WHAT THIS TASK INVOLVES
Could you filter the data below down to the lines that hold the word "exceeds"?

SUPPLIED ENTRIES
== Segment start ==

text \<open>
  Take a single good with per-user capacity 2, unit utilities, and budgets 1 or 3 with
  probability 1/2 each. A user facing the price P spends her whole budget, so the total demand
  is S/P, where S = 2n + Z and Z is a simple random walk with n steps.
  If P exceeds 1 + 1/(36 sqrt n), the allocation proportional to the budgets beats the online
  objective by S ln(2nP/S), whose expectation is of order sqrt n. Otherwise the demand exceeds
  the capacity 2n by roughly max(Z, 0), and E max(Z, 0) is of order sqrt n because
  E Z^2 = n while E Z^4 \<le> 3 n^2.
\<close>

lemma dotp_one [simp]: "dotp 1 a b = a 0 * b 0" "dotp (Suc 0) a b = a 0 * b 0"
  by (simp_all add: dotp_def)

lemma dotp_add_unit:
  assumes "j < m"
  shows "dotp m a (x(j := x j + 1)) = dotp m a x + a j"
proof -
  have "(\<Sum>i<m. a i * (x(j := x j + 1)) i) = (\<Sum>i<m. a i * x i + (if i = j then a i else 0))"
    by (rule sum.cong) (auto simp: algebra_simps)
  then show ?thesis
    using assms by (simp add: dotp_def sum.distrib)
qed

lemma user_optimal_price_pos:
  assumes opt: "user_optimal m p w u x" and "j < m" "u j > 0"
  shows "p j > 0"
proof (rule ccontr)
  assume "\<not> p j > 0"
  then have "affordable m p w (x(j := x j + 1))"
    using opt \<open>j < m\<close> by (auto simp: user_optimal_def affordable_def dotp_add_unit)
  then have "dotp m u (x(j := x j + 1)) \<le> dotp m u x"
    using opt by (simp add: user_optimal_def)
  then show False
    using \<open>j < m\<close> \<open>u j > 0\<close> by (simp add: dotp_add_unit)
qed

lemma user_optimal_one_good_iff:
  assumes "p 0 > 0" "u 0 > 0" "w \<ge> 0"
  shows "user_optimal 1 p w u x \<longleftrightarrow> x 0 = w / p 0"
proof
  assume opt: "user_optimal 1 p w u x"
  have "affordable 1 p w (\<lambda>_. w / p 0)"
    using assms by (simp add: affordable_def)
  then have "u 0 * (w / p 0) \<le> u 0 * x 0"
    using opt by (auto simp: user_optimal_def)
  moreover have "p 0 * x 0 \<le> w"
    using opt by (simp add: user_optimal_def affordable_def)
  ultimately show "x 0 = w / p 0"
    using assms by (simp add: field_simps)
next
  assume x: "x 0 = w / p 0"
  have "u 0 * y 0 \<le> u 0 * x 0" if "affordable 1 p w y" for y
  proof -
    have "y 0 \<le> w / p 0"
      using that assms by (simp add: affordable_def pos_le_divide_eq mult.commute)
    then have "u 0 * y 0 \<le> u 0 * (w / p 0)"
      by (rule mult_left_mono) (use \<open>u 0 > 0\<close> in simp)
    then show ?thesis
      using x by simp
  qed
  then show "user_optimal 1 p w u x"
    using assms x by (simp add: user_optimal_def affordable_def)
qed

lemma valid_response_one_good:
  assumes sel: "valid_response 1 sel" and "p 0 > 0" "u 0 > 0" "w \<ge> 0"
  shows "sel p w u 0 = w / p 0"
proof -
  have "user_optimal 1 p w u (\<lambda>_. w / p 0)"
    using user_optimal_one_good_iff[of p u w] assms by simp
  then have "user_optimal 1 p w u (sel p w u)"
    using sel unfolding valid_response_def by blast
  then show ?thesis
    using user_optimal_one_good_iff[of p u w] assms by simp
qed

definition eisenberg_gale_values :: "nat \<Rightarrow> (nat \<Rightarrow> real) \<Rightarrow> nat \<Rightarrow> (nat \<Rightarrow> real \<times> (nat \<Rightarrow> real)) \<Rightarrow> real set" where
  "eisenberg_gale_values m c n \<omega> = {\<Sum>t<n. fst (\<omega> t) * ln (dotp m (snd (\<omega> t)) (X t)) | X.
       (\<forall>t<n. \<forall>j<m. X t j \<ge> 0) \<and> (\<forall>j<m. (\<Sum>t<n. X t j) \<le> c j) \<and>
       (\<forall>t<n. dotp m (snd (\<omega> t)) (X t) > 0)}"

lemma offline_opt_eq_Sup_eisenberg_gale_values: "offline_opt m c n \<omega> = Sup (eisenberg_gale_values m c n \<omega>)"
  by (simp add: offline_opt_def eisenberg_gale_values_def)

lemma eisenberg_gale_values_one_good_le:
  assumes "v \<in> eisenberg_gale_values 1 c n \<omega>"
    and budget_nonneg: "\<And>t. t < n \<Longrightarrow> fst (\<omega> t) \<ge> 0"
    and unit_utility: "\<And>t. t < n \<Longrightarrow> snd (\<omega> t) 0 = 1"
  shows "v \<le> (\<Sum>t<n. fst (\<omega> t) * ln (c 0))"
proof -
  obtain X where v: "v = (\<Sum>t<n. fst (\<omega> t) * ln (X t 0))"
    and X_pos: "\<And>t. t < n \<Longrightarrow> X t 0 > 0" and X_cap: "(\<Sum>t<n. X t 0) \<le> c 0"
    using assms(1) unit_utility by (auto simp: eisenberg_gale_values_def)
  have "fst (\<omega> t) * ln (X t 0) \<le> fst (\<omega> t) * ln (c 0)" if "t < n" for t
  proof -
    have "X t 0 \<le> (\<Sum>t<n. X t 0)"
      using X_pos that by (intro member_le_sum) (simp_all add: less_imp_le)
    then have "ln (X t 0) \<le> ln (c 0)"
      using X_cap X_pos[OF that] by (subst ln_le_cancel_iff) auto
    then show ?thesis
      using budget_nonneg[OF that] by (rule mult_left_mono)
  qed
  then show ?thesis
    unfolding v by (intro sum_mono) simp
qed

lemma offline_opt_one_good_ge:
  assumes "c 0 > 0"
    and budget_pos: "\<And>t. t < n \<Longrightarrow> fst (\<omega> t) > 0"
    and unit_utility: "\<And>t. t < n \<Longrightarrow> snd (\<omega> t) 0 = 1"
  shows "(\<Sum>t<n. fst (\<omega> t) * ln (c 0 * fst (\<omega> t) / (\<Sum>t<n. fst (\<omega> t)))) \<le> offline_opt 1 c n \<omega>"
proof -
  let ?S = "\<Sum>t<n. fst (\<omega> t)"
  define X where "X = (\<lambda>t (j::nat). c 0 * fst (\<omega> t) / ?S)"
  have "?S > 0" if "t < n" for t
    using that budget_pos by (intro sum_pos2[of _ t]) (auto intro: less_imp_le)
  then have X_pos: "X t 0 > 0" if "t < n" for t
    using that budget_pos \<open>c 0 > 0\<close> by (simp add: X_def)
  have "(\<Sum>t<n. X t 0) = c 0 * ?S / ?S"
    unfolding X_def sum_divide_distrib[symmetric] sum_distrib_left ..
  also have "\<dots> \<le> c 0"
    using \<open>c 0 > 0\<close> by (cases "?S = 0") simp_all
  finally have mem: "(\<Sum>t<n. fst (\<omega> t) * ln (dotp 1 (snd (\<omega> t)) (X t))) \<in> eisenberg_gale_values 1 c n \<omega>"
    using X_pos unit_utility unfolding eisenberg_gale_values_def by (auto intro: less_imp_le)
  have bdd: "bdd_above (eisenberg_gale_values 1 c n \<omega>)"
    using budget_pos unit_utility
    by (intro bdd_aboveI[where M = "\<Sum>t<n. fst (\<omega> t) * ln (c 0)"] eisenberg_gale_values_one_good_le)
      (auto intro: less_imp_le)
  have "(\<Sum>t<n. fst (\<omega> t) * ln (dotp 1 (snd (\<omega> t)) (X t))) =
      (\<Sum>t<n. fst (\<omega> t) * ln (c 0 * fst (\<omega> t) / ?S))"
    using unit_utility by (intro sum.cong) (simp_all add: X_def)
  then show ?thesis
    using cSup_upper[OF mem bdd] unfolding offline_opt_eq_Sup_eisenberg_gale_values by simp
qed

lemma set_pmf_arrivals:
  assumes "\<omega> \<in> set_pmf (arrivals n D)" "t < n"
  shows "\<omega> t \<in> set_pmf D"
  using assms set_Pi_pmf_subset'[of "{..<n}" undefined "\<lambda>_. D"]
  by (auto simp: arrivals_def PiE_dflt_def)

lemma finite_set_pmf_arrivals:
  assumes "finite (set_pmf D)"
  shows "finite (set_pmf (arrivals n D))"
proof (rule finite_subset)
  show "set_pmf (arrivals n D) \<subseteq> PiE_dflt {..<n} undefined (set_pmf \<circ> (\<lambda>_. D))"
    unfolding arrivals_def by (rule set_Pi_pmf_subset') simp
  show "finite (PiE_dflt {..<n} undefined (set_pmf \<circ> (\<lambda>_. D)))"
    using assms by (intro finite_PiE_dflt) auto
qed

== Segment end ==

PROBLEM SOLUTION
  If P exceeds 1 + 1/(36 sqrt n), the allocation proportional to the budgets beats the online
  objective by S ln(2nP/S), whose expectation is of order sqrt n. Otherwise the demand exceeds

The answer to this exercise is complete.